Topology through crochet

Filed under: Silent Glen Speaks @ 6:57 pm
Tags: , ,

crochet mobius stripA good friend taught me how to crochet on Sunday night.  I started with the classic square-to-be-used-as-a-dish-rag project and moved onto the spiral-to-be-used-as-a-pot-stand project. Project number three? The Möbius Strip. Now, I understand the Möbius strip well. What kid has not taken a strip of paper, twisted it, taped the ends together and then drawn a line starting on one side of the paper only to seamlessly (or edge-lessly) reach the other side? I started crocheting the Möbius strip by creating a line and then joining the ends of the line, adding a twist to the line (a 1D Möbius strip?). I then continued crocheting along one edge of the cycle. But of course, since a Möbius strip has only one boundary, I could continue extending the thickness of the strip by spiralling outwards.

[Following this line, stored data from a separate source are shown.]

(* Let $A$ be a meet-complemented lattice in which $\Box x$ and $\Diamond x$ exist for every $x\in A$. Then for every $a\in A$: (i) $\Diamond a\le\neg\Box\neg a$; (ii) $\neg\Diamond a=\Box\neg a$; (iii) $\neg\neg\Diamond a=\neg\Box\neg a$; (iv) $\Box\neg\neg a=\neg\Diamond\neg a$; (v) $\Diamond\neg a\le\neg\Box a$; (vi) $\Box a\le\neg\Diamond\neg a$; (vii) $\neg\Diamond\neg a\le\Box\Diamond a$; (viii) $\Box\neg a\le\neg\Box\Diamond a$; (ix) $\Box\Diamond a\le\neg\Box\neg a$; (x) $\Diamond\neg\Box\neg a=\Diamond\Diamond a$.
   Context: A meet-complemented lattice is a lattice $(L,\le)$ (not necessarily distributive) such that for every $a\in L$ the element $\neg a=\max\{b\in L: a\wedge b\le c\ \text{for all } c\in L\}$ exists; it is bounded with bottom $0$ and top $1$. For $a\in L$, $\Box a=\max\{b\in L: a\vee\neg b=1\}$ and $\Diamond a=\min\{b\in L: \neg a\vee b=1\}$. *)

theory Defs
  imports Main
begin

definition is_max :: "'a::order set \<Rightarrow> 'a \<Rightarrow> bool" where
  "is_max S m \<longleftrightarrow> m \<in> S \<and> (\<forall>x\<in>S. x \<le> m)"

definition is_min :: "'a::order set \<Rightarrow> 'a \<Rightarrow> bool" where
  "is_min S m \<longleftrightarrow> m \<in> S \<and> (\<forall>x\<in>S. m \<le> x)"

definition neg :: "'a::bounded_lattice \<Rightarrow> 'a" where
  "neg a = (THE m. is_max {b. \<forall>c. inf a b \<le> c} m)"

definition meet_complemented :: "'a::bounded_lattice itself \<Rightarrow> bool" where
  "meet_complemented _ \<longleftrightarrow> (\<forall>a::'a. \<exists>m. is_max {b. \<forall>c. inf a b \<le> c} m)"

definition box :: "'a::bounded_lattice \<Rightarrow> 'a" where
  "box a = (THE m. is_max {b. sup a (neg b) = top} m)"

definition diamond :: "'a::bounded_lattice \<Rightarrow> 'a" where
  "diamond a = (THE m. is_min {b. sup (neg a) b = top} m)"

end

theory Submission
  imports Defs
begin

text \<open>Negation satisfies \<open>b \<le> \<not>a \<longleftrightarrow> a \<sqinter> b = 0\<close>, so it is an antitone Galois
connection with itself: \<open>\<not>\<not>\<close> is a closure operator and \<open>\<not>\<not>\<not> = \<not>\<close>. The key
fact is that \<open>\<not>x \<squnion> y = 1\<close> forces \<open>x \<le> \<not>\<not>y\<close>, because \<open>\<not>(x \<sqinter> \<not>y)\<close>
lies above both \<open>\<not>x\<close> and \<open>y\<close>. Comparing the extremal properties of \<open>\<box>\<close> and \<open>\<diamond>\<close>
with it gives \<open>\<not>\<diamond>x = \<box>\<not>x\<close>, from which the remaining items follow by
antitonicity of \<open>\<not>\<close>.\<close>

lemma is_max_unique: "is_max S m \<Longrightarrow> is_max S m' \<Longrightarrow> m = m'"
  unfolding is_max_def by (meson order_antisym)

lemma is_min_unique: "is_min S m \<Longrightarrow> is_min S m' \<Longrightarrow> m = m'"
  unfolding is_min_def by (meson order_antisym)

lemma is_max_The: "\<exists>m. is_max S m \<Longrightarrow> is_max S (THE m. is_max S m)"
  by (metis is_max_unique theI)

lemma is_min_The: "\<exists>m. is_min S m \<Longrightarrow> is_min S (THE m. is_min S m)"
  by (metis is_min_unique theI)

lemma sup_eq_top_mono: "sup x y = top \<Longrightarrow> x \<le> x' \<Longrightarrow> y \<le> y' \<Longrightarrow> sup x' y' = top"
  for x y x' y' :: "'a::bounded_lattice"
  by (metis sup.mono top_unique)

context
  assumes mc: "meet_complemented TYPE('a::bounded_lattice)"
begin

lemma is_max_neg: "is_max {b. \<forall>c. inf a b \<le> c} (neg a)" for a :: 'a
  unfolding neg_def using mc unfolding meet_complemented_def by (blast intro: is_max_The)

lemma le_neg_iff: "b \<le> neg a \<longleftrightarrow> inf a b = bot" for a b :: 'a
proof
  assume "b \<le> neg a"
  hence "inf a b \<le> inf a (neg a)" by (rule inf_mono[OF order_refl])
  also have "inf a (neg a) \<le> bot" using is_max_neg[of a] unfolding is_max_def by blast
  finally show "inf a b = bot" by (rule bot_unique[THEN iffD1])
next
  assume "inf a b = bot"
  hence "b \<in> {b. \<forall>c. inf a b \<le> c}" by auto
  thus "b \<le> neg a" using is_max_neg[of a] unfolding is_max_def by blast
qed

lemma inf_neg_self: "inf a (neg a) = bot" for a :: 'a
  using le_neg_iff by blast

lemma le_neg_commute: "b \<le> neg a \<longleftrightarrow> a \<le> neg b" for a b :: 'a
  by (simp add: le_neg_iff inf_commute)

lemma le_neg_neg: "x \<le> neg (neg x)" for x :: 'a
  using le_neg_commute[of "neg x" x] by blast

lemma neg_antimono: "x \<le> y \<Longrightarrow> neg y \<le> neg x" for x y :: 'a
  by (rule le_neg_commute[THEN iffD2], erule order_trans[OF _ le_neg_neg])

lemma neg_neg_neg: "neg (neg (neg x)) = neg x" for x :: 'a
  by (rule antisym[OF neg_antimono[OF le_neg_neg] le_neg_neg])

lemma le_neg_neg_if_sup_neg_eq_top:
  fixes x y :: 'a
  assumes "sup (neg x) y = top"
  shows "x \<le> neg (neg y)"
proof -
  define z where "z = inf x (neg y)"
  have "neg x \<le> neg z" unfolding z_def by (rule neg_antimono) simp
  moreover have "y \<le> neg z"
    by (rule le_neg_commute[THEN iffD2]) (simp add: z_def)
  ultimately have "sup (neg z) (neg z) = top" using sup_eq_top_mono[OF assms] by blast
  hence "z = bot" using inf_neg_self[of z] by simp
  hence "inf (neg y) x = bot" by (simp add: z_def inf_commute)
  thus ?thesis by (rule le_neg_iff[THEN iffD2])
qed

lemma diamond_neg_neg: "diamond (neg (neg x)) = diamond x" for x :: 'a
  unfolding diamond_def by (simp add: neg_neg_neg)

context
  assumes box_ex: "\<forall>x::'a. \<exists>m. is_max {b. sup x (neg b) = top} m"
    and diamond_ex: "\<forall>x::'a. \<exists>m. is_min {b. sup (neg x) b = top} m"
begin

lemma is_max_box: "is_max {b. sup x (neg b) = top} (box x)" for x :: 'a
  unfolding box_def using box_ex by (blast intro: is_max_The)

lemma is_min_diamond: "is_min {b. sup (neg x) b = top} (diamond x)" for x :: 'a
  unfolding diamond_def using diamond_ex by (blast intro: is_min_The)

lemma sup_neg_box_eq_top: "sup x (neg (box x)) = top" for x :: 'a
  using is_max_box unfolding is_max_def by simp

lemma le_boxI: "sup x (neg b) = top \<Longrightarrow> b \<le> box x" for x b :: 'a
  using is_max_box unfolding is_max_def by simp

lemma sup_neg_diamond_eq_top: "sup (neg x) (diamond x) = top" for x :: 'a
  using is_min_diamond unfolding is_min_def by simp

lemma diamond_leI: "sup (neg x) b = top \<Longrightarrow> diamond x \<le> b" for x b :: 'a
  using is_min_diamond unfolding is_min_def by simp

lemma diamond_le_neg_box_neg: "diamond x \<le> neg (box (neg x))" for x :: 'a
  by (rule diamond_leI, rule sup_neg_box_eq_top)

lemma neg_diamond: "neg (diamond x) = box (neg x)" for x :: 'a
proof (rule antisym)
  show "neg (diamond x) \<le> box (neg x)"
    by (rule le_boxI, rule sup_eq_top_mono[OF sup_neg_diamond_eq_top order_refl le_neg_neg])
  show "box (neg x) \<le> neg (diamond x)"
    by (rule le_neg_commute[THEN iffD1, OF diamond_le_neg_box_neg])
qed

lemma diamond_neg_le_neg_box: "diamond (neg x) \<le> neg (box x)" for x :: 'a
  by (rule diamond_leI, rule sup_eq_top_mono[OF sup_neg_box_eq_top le_neg_neg order_refl])

lemma box_le_neg_diamond_neg: "box x \<le> neg (diamond (neg x))" for x :: 'a
  by (rule le_neg_commute[THEN iffD1, OF diamond_neg_le_neg_box])

lemma neg_diamond_neg_le_box_diamond: "neg (diamond (neg x)) \<le> box (diamond x)" for x :: 'a
proof (rule le_boxI)
  have "neg x \<le> neg (neg (diamond (neg x)))"
    by (rule le_neg_neg_if_sup_neg_eq_top, rule sup_neg_diamond_eq_top)
  hence "sup (neg (neg (diamond (neg x)))) (diamond x) = top"
    by (rule sup_eq_top_mono[OF sup_neg_diamond_eq_top _ order_refl])
  thus "sup (diamond x) (neg (neg (diamond (neg x)))) = top"
    by (simp only: sup_commute)
qed

lemma box_diamond_le_neg_box_neg: "box (diamond x) \<le> neg (box (neg x))" for x :: 'a
proof -
  have "box (diamond x) \<le> neg (neg (diamond x))"
    using sup_neg_box_eq_top[of "diamond x"] by (simp add: le_neg_neg_if_sup_neg_eq_top sup_commute)
  thus ?thesis by (simp add: neg_diamond)
qed

lemma box_neg_le_neg_box_diamond: "box (neg x) \<le> neg (box (diamond x))" for x :: 'a
  by (rule le_neg_commute[THEN iffD1, OF box_diamond_le_neg_box_neg])

end

end

theorem proposition9:
  fixes a :: "'a::bounded_lattice"
  assumes mc: "meet_complemented TYPE('a)"
    and box_ex: "\<forall>x::'a. \<exists>m. is_max {b. sup x (neg b) = top} m"
    and dia_ex: "\<forall>x::'a. \<exists>m. is_min {b. sup (neg x) b = top} m"
  shows "(diamond a \<le> neg (box (neg a))) \<and>
         (neg (diamond a) = box (neg a)) \<and>
         (neg (neg (diamond a)) = neg (box (neg a))) \<and>
         (box (neg (neg a)) = neg (diamond (neg a))) \<and>
         (diamond (neg a) \<le> neg (box a)) \<and>
         (box a \<le> neg (diamond (neg a))) \<and>
         (neg (diamond (neg a)) \<le> box (diamond a)) \<and>
         (box (neg a) \<le> neg (box (diamond a))) \<and>
         (box (diamond a) \<le> neg (box (neg a))) \<and>
         (diamond (neg (box (neg a))) = diamond (diamond a))"
proof -
  note neg_diamond = neg_diamond[OF mc box_ex dia_ex]
  have "neg (neg (diamond a)) = neg (box (neg a))"
    unfolding neg_diamond ..
  moreover have "diamond (neg (box (neg a))) = diamond (diamond a)"
    unfolding neg_diamond[symmetric] by (rule diamond_neg_neg[OF mc])
  ultimately show ?thesis
    using neg_diamond[of a] neg_diamond[of "neg a", symmetric]
      diamond_le_neg_box_neg[OF mc box_ex dia_ex]
      diamond_neg_le_neg_box[OF mc box_ex dia_ex]
      box_le_neg_diamond_neg[OF mc box_ex dia_ex]
      neg_diamond_neg_le_box_diamond[OF mc box_ex dia_ex]
      box_neg_le_neg_box_diamond[OF mc box_ex dia_ex]
      box_diamond_le_neg_box_neg[OF mc box_ex dia_ex]
    by blast
qed

end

I thought: what would happen if I started dropping stitches, making this boundary shorter and shorter? Well, the Möbius strip is a non-orientable surface with one hole – that forms this boundary. I reminded myself that the Möbius strip is surface obtained by puncturing a projective plane – the non-orientable surface of minimum genus – however, I never had a good intuition of what the projective plane is. Let me tell you though, after dropping every fourth stitch on the boundary of my Möbius strip, I started having a pretty good idea of what a projective plane does.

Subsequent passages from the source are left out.